Note: With four hosts this will take quite a while.

  • Generate an answerfile: packstack --gen-answer-file=test.pack.txt
  • Edit the answer file in a way that corresponds with this diff.
  • Run packstack: packstack --use-answer-file=test.pack.txt. Wait. Keep waiting. If you're VMs are too large or your compute host too slow, this may time out. Try again.

Confirm

At this stage I ran into some issues, the agents were unable to join the coordination system. The version of tooz installed via the packstack dependency tree was 0.9.0. This version does not support using redis-sentinel. 0.13.0 is the current version, 0.11.0 is required to make use of the redis-sentinel support.

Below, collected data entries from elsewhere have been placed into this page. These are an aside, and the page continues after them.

text \<open>
  Call a k \<times> n matrix H intertwining for the skew shift s and a map \<tau> if
  H (s c) = \<tau> (H c) for all c. Evaluating this identity at the unit vectors shows that the
  columns of H are P, P\<tau>, ..., P\<tau>^(n-1) with P\<tau>^n = \<alpha>P for its first column P; conversely
  each such orbit matrix intertwines s with \<tau> = \<Theta> \<circ> T. The kernel of an intertwining matrix
  is s-invariant because \<tau> 0 = 0.

  For a skew-cyclic code C take a parity check matrix H with a right inverse R (extend a basis
  of C to one of the whole space). As c - R H c lies in C, the vectors s c and s (R H c) have
  the same syndrome, and as s is \<theta>-semilinear this makes H intertwining for some \<tau> = \<Theta> \<circ> T.
  Finally \<tau> \<circ> H = H \<circ> s is onto, so T is invertible.
\<close>

lemma field_automorphism_imp_field_hom:
  assumes "field_automorphism \<theta>"
  shows "field_hom \<theta>"
proof
  show add: "\<theta> (x + y) = \<theta> x + \<theta> y" "\<theta> 1 = 1" "\<theta> (x * y) = \<theta> x * \<theta> y" for x y
    using assms unfolding field_automorphism_def by blast+
  show "\<theta> 0 = 0" using add(1)[of 0 0] by (metis add.right_neutral add_left_cancel)
qed

lemma index_mult_mat_vec_sum:
  assumes "A \<in> carrier_mat k n" "v \<in> carrier_vec n" "i < k"
  shows "(A *\<^sub>v v) $ i = (\<Sum>l<n. A $$ (i, l) * v $ l)"
  using assms by (auto simp: scalar_prod_def atLeast0LessThan intro!: sum.cong)

lemma mult_mat_vec_unit_vec:
  fixes A :: "'a::semiring_1 mat"
  assumes "A \<in> carrier_mat k n" and "j < n"
  shows "A *\<^sub>v unit_vec n j = col A j"
  using assms by (intro eq_vecI) auto

lemma finite_carrier_vec: "finite (carrier_vec n :: 'a::finite vec set)"
proof -
  have "carrier_vec n \<subseteq> (\<lambda>f. vec n f) ` ({..<n} \<rightarrow>\<^sub>E (UNIV :: 'a set))"
  proof
    fix v :: "'a vec" assume v: "v \<in> carrier_vec n"
    then have "v = vec n (restrict (\<lambda>i. v $ i) {..<n})" by (intro eq_vecI) auto
    moreover have "restrict (\<lambda>i. v $ i) {..<n} \<in> {..<n} \<rightarrow>\<^sub>E (UNIV :: 'a set)" by simp
    ultimately show "v \<in> (\<lambda>f. vec n f) ` ({..<n} \<rightarrow>\<^sub>E UNIV)" by (rule image_eqI)
  qed
  moreover have "finite ((\<lambda>f. vec n f) ` ({..<n} \<rightarrow>\<^sub>E (UNIV :: 'a set)))"
    by (intro finite_imageI finite_PiE) auto
  ultimately show ?thesis by (rule finite_subset)
qed

lemma rank_eq_if_surj:
  fixes A :: "'a::field mat"
  assumes A: "A \<in> carrier_mat k n"
    and surj: "\<And>y. y \<in> carrier_vec k \<Longrightarrow> \<exists>x \<in> carrier_vec n. A *\<^sub>v x = y"
  shows "vec_space.rank k A = k"
proof -
  interpret vec_space "TYPE('a)" k .
  have span: "span (set (cols A)) = carrier_vec k"
    using col_space_eq[OF A] surj A unfolding col_space_def by auto
  have V: "V\<lparr>carrier := carrier_vec k\<rparr> = V" by (simp add: module_vec_def)
  show ?thesis unfolding rank_def span V by (fact dim_is_n)
qed

lemma det_ne_zero_imp_inverse:
  fixes A :: "'a::field mat"
  assumes "A \<in> carrier_mat k k" and "det A \<noteq> 0"
  obtains B where "B \<in> carrier_mat k k" "B * A = 1\<^sub>m k" "A * B = 1\<^sub>m k"
proof -
  have "A \<in> Units (ring_mat TYPE('a) k ())" by (rule det_non_zero_imp_unit[OF assms])
  then show thesis using that unfolding Units_def by (auto simp: ring_mat_simps)
qed

lemma det_ne_zero_imp_invertible_mat:
  fixes A :: "'a::field mat"
  assumes "A \<in> carrier_mat k k" and "det A \<noteq> 0"
  shows "invertible_mat A"
proof -
  obtain B where "B \<in> carrier_mat k k" "B * A = 1\<^sub>m k" "A * B = 1\<^sub>m k"
    using det_ne_zero_imp_inverse[OF assms] .
  then show ?thesis using assms(1) unfolding invertible_mat_def inverts_mat_def by auto
qed

section \<open>Parity check matrices\<close>

lemma mat_of_cols_append_mult_vec:
  assumes bs: "set bs \<subseteq> carrier_vec n" and es: "set es \<subseteq> carrier_vec n"
    and x: "x \<in> carrier_vec (length (bs @ es))"
    and x0: "\<And>j. length bs \<le> j \<Longrightarrow> j < length (bs @ es) \<Longrightarrow> x $ j = 0"
  shows "mat_of_cols n (bs @ es) *\<^sub>v x = mat_of_cols n bs *\<^sub>v vec (length bs) (\<lambda>j. x $ j)"
proof (rule eq_vecI)
  fix i assume "i < dim_vec (mat_of_cols n bs *\<^sub>v vec (length bs) (\<lambda>j. x $ j))"
  then have i: "i < n" by simp
  have "(mat_of_cols n (bs @ es) *\<^sub>v x) $ i =
      (\<Sum>l<length (bs @ es). mat_of_cols n (bs @ es) $$ (i, l) * x $ l)"
    using i x by (intro index_mult_mat_vec_sum) auto
  also have "\<dots> = (\<Sum>l<length bs. mat_of_cols n (bs @ es) $$ (i, l) * x $ l)"
  proof (rule sum.mono_neutral_right)
    show "\<forall>l \<in> {..<length (bs @ es)} - {..<length bs}. mat_of_cols n (bs @ es) $$ (i, l) * x $ l = 0"
      using x0 by simp
  qed auto
  also have "\<dots> = (mat_of_cols n bs *\<^sub>v vec (length bs) (\<lambda>j. x $ j)) $ i"
    using i by (auto simp: scalar_prod_def atLeast0LessThan mat_of_cols_index nth_append intro!: sum.cong)
  finally show "(mat_of_cols n (bs @ es) *\<^sub>v x) $ i = \<dots>" .
qed simp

I addressed these problems by:

  • installing the latest version of tooz
  • restarting the openstack-ceilometer-central service

Once that was restarted I was able to confirm a few things.

On the controller host

  • Check the central.log as described above.
  • Check that both redis and redis-sentinel are running: ps ax | grep redis
  • Look at /etc/redis-sentinel.conf to see what information sentinel has gathered about the servers and slaves. Assuming nothing has died yet, then there should be an entry that says the master is 10.0.0.2 and known slaves and sentinels are on 3, 4 and 5.
  • Check backend_url in /etc/ceilometer/ceilometer.conf. It should look something like backend_url=redis://10.0.0.5:26379?sentinel=mymaster&sentinel_fallback=10.0.0.4:26379&sentinel_fallback=10.0.0.3:26379&sentinel_fallback=10.0.0.2:26379.

On the other nodes

  • Check redis and redis-sentinel as described above.

Confirm Redis Failover

This makes sure that the sentinels are doing their jobs. You can watch the activity by looking at the logs in /var/log/redis on any host.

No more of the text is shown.